▶ _Given data_:
= Beginning of Section =
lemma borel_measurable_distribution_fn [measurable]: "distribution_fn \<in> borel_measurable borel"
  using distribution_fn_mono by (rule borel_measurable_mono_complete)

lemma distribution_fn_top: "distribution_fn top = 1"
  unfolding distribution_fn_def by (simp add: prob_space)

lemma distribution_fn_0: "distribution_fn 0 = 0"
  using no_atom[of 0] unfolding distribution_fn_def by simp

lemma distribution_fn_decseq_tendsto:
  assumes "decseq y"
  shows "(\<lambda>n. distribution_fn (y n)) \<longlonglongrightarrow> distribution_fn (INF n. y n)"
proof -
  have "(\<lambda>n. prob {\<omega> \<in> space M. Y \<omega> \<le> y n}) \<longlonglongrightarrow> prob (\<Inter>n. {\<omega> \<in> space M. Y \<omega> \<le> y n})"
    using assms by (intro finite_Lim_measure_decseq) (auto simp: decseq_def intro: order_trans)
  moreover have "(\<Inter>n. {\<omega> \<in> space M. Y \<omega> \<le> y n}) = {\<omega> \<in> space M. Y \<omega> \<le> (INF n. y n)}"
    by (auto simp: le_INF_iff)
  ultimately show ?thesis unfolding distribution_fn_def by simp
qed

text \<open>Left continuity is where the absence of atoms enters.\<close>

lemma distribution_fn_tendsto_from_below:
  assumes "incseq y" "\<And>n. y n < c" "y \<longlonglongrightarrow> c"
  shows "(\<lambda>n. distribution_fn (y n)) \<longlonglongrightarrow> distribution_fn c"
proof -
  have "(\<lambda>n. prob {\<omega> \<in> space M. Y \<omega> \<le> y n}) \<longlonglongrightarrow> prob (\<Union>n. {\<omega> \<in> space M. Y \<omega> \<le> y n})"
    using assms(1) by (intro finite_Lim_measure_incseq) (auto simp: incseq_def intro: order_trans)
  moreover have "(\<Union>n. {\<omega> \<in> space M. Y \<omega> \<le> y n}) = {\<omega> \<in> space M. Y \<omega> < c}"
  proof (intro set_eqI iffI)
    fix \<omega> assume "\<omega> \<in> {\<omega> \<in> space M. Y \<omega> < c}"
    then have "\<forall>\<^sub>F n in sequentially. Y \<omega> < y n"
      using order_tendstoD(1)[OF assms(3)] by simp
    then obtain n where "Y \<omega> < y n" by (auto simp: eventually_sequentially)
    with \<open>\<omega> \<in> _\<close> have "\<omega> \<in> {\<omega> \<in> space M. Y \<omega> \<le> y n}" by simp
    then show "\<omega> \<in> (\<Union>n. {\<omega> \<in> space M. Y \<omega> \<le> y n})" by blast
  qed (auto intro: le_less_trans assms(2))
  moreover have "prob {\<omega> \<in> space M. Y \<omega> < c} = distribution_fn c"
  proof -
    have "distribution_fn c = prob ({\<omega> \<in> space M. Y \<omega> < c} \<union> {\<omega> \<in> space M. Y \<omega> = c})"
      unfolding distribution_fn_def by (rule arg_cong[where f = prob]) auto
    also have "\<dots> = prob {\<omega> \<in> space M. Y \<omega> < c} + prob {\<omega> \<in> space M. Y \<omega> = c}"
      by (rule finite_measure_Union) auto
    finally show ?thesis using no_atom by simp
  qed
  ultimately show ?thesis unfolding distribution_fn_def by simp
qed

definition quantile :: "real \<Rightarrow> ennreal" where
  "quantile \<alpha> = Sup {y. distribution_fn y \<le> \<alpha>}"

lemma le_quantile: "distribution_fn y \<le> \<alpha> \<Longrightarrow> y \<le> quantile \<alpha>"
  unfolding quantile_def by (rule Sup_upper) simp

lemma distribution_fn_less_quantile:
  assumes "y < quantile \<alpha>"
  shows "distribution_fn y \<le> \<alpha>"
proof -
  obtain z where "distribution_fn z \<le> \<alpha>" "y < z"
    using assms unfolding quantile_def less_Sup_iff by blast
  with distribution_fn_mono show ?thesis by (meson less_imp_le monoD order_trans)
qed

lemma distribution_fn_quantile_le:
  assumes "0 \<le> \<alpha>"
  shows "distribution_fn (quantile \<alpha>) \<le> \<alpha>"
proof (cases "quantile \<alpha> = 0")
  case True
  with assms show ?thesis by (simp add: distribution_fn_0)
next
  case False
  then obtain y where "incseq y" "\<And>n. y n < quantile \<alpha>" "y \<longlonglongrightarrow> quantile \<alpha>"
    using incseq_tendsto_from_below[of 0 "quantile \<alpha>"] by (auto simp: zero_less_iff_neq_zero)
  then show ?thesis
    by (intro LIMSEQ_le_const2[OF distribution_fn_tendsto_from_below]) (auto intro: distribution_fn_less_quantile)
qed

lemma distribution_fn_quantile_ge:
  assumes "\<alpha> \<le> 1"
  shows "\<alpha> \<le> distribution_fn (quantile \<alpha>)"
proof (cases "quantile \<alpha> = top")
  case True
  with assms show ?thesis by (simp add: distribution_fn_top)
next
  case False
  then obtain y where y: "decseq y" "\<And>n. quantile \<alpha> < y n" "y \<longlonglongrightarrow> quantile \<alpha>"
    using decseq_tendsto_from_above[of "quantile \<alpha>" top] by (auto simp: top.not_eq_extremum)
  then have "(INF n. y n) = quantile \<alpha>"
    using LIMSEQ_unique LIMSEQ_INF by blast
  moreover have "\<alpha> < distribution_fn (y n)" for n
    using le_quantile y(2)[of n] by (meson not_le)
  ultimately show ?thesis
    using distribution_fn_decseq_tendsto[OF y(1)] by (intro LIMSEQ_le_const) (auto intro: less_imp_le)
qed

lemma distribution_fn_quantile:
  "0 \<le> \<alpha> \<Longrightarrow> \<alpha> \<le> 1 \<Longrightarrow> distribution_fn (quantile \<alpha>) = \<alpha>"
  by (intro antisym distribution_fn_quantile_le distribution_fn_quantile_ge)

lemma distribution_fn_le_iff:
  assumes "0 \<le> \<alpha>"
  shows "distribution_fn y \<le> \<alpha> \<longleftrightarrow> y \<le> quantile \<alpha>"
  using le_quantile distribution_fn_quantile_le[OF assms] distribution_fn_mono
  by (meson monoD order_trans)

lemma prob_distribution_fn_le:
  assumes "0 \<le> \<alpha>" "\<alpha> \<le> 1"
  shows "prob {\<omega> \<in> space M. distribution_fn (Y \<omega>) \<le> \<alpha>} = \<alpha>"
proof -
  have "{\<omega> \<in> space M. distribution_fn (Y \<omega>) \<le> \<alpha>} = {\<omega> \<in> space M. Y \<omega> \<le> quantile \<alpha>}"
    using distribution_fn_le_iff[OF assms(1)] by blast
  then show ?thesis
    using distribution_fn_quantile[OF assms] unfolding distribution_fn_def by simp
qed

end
= End of Section =
▶ _What this task involves_: Check every line above for the string "thesis" and copy those that have it.

▶ _Exercise output_:
  ultimately show ?thesis unfolding distribution_fn_def by simp
    finally show ?thesis using no_atom by simp
  ultimately show ?thesis unfolding distribution_fn_def by simp
  with distribution_fn_mono show ?thesis by (meson less_imp_le monoD order_trans)
  with assms show ?thesis by (simp add: distribution_fn_0)
  then show ?thesis
  with assms show ?thesis by (simp add: distribution_fn_top)
  ultimately show ?thesis
  then show ?thesis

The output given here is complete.